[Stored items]
lemma step_reflects_config_completes:
  assumes "step c c'" and "config_completes \<Delta>\<^sub>f w\<^sub>f c'"
  shows "config_completes \<Delta>\<^sub>f w\<^sub>f c"
  using assms(1)
proof (cases rule: step.cases)
  case (WhereK ys bs \<Gamma> A m S)
  then obtain \<Delta> r where
    body: "bs_match (\<Gamma>(ys [\<mapsto>] map (\<lambda>b. se (substs ys (map fst bs)) (snd b)) bs)) (upd_vars S) A
             (sm (substs ys (map fst bs)) m) \<Delta> r"
    and rest: "completes_match \<Delta>\<^sub>f w\<^sub>f S \<Delta> r"
    using assms(2) by auto
  have fresh: "set ys \<inter> (hvars \<Gamma> \<union> upd_vars S \<union> set A \<union> av_m (Where m bs)) = {}"
    using WhereK(5) upd_vars_subset_kvars[of S] by auto
  from WhereK(3,4) fresh body have "bs_match \<Gamma> (upd_vars S) A (Where m bs) \<Delta> r"
    by (rule WhereR)
  with WhereK(1) rest show ?thesis by auto
  \<comment> \<open>Each remaining transition is undone by the big-step rule of the same name,
    with (Whnf) supplying the evaluation of the value the machine has reached.\<close>
qed (use assms(2) in \<open>auto simp: bs_eval_whnf_iff completes_eval_Cons_simps completes_match_Cons_simps
  intro: bs_eval_bs_match.intros completes_eval_completes_match.intros\<close>)

lemma steps_reflect_config_completes:
  "step\<^sup>*\<^sup>* c c' \<Longrightarrow> config_completes \<Delta>\<^sub>f w\<^sub>f c' \<Longrightarrow> config_completes \<Delta>\<^sub>f w\<^sub>f c"
  by (induction rule: converse_rtranclp_induct) (auto intro: step_reflects_config_completes)

theorem corollary4p6:
  assumes "finite (dom \<Gamma>)"
    and "step\<^sup>*\<^sup>* (\<Gamma>, Eval e, []) (\<Delta>, Eval w, [])"
    and "is_whnf w"
  shows "bs_eval \<Gamma> {} e \<Delta> w"
proof -
  have "config_completes \<Delta> w (\<Delta>, Eval w, [])"
    using assms(3) by (auto intro: Whnf completes_eval_completes_match.Done)
  with assms(2) have "config_completes \<Delta> w (\<Gamma>, Eval e, [])"
    by (rule steps_reflect_config_completes)
  then show ?thesis
    by (auto elim: completes_eval.cases)
qed

end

* **BRIEF**
Gather each line in the entries above where the string "open" is found.

* **RESULT FOR THIS TASK**
  \<comment> \<open>Each remaining transition is undone by the big-step rule of the same name,
qed (use assms(2) in \<open>auto simp: bs_eval_whnf_iff completes_eval_Cons_simps completes_match_Cons_simps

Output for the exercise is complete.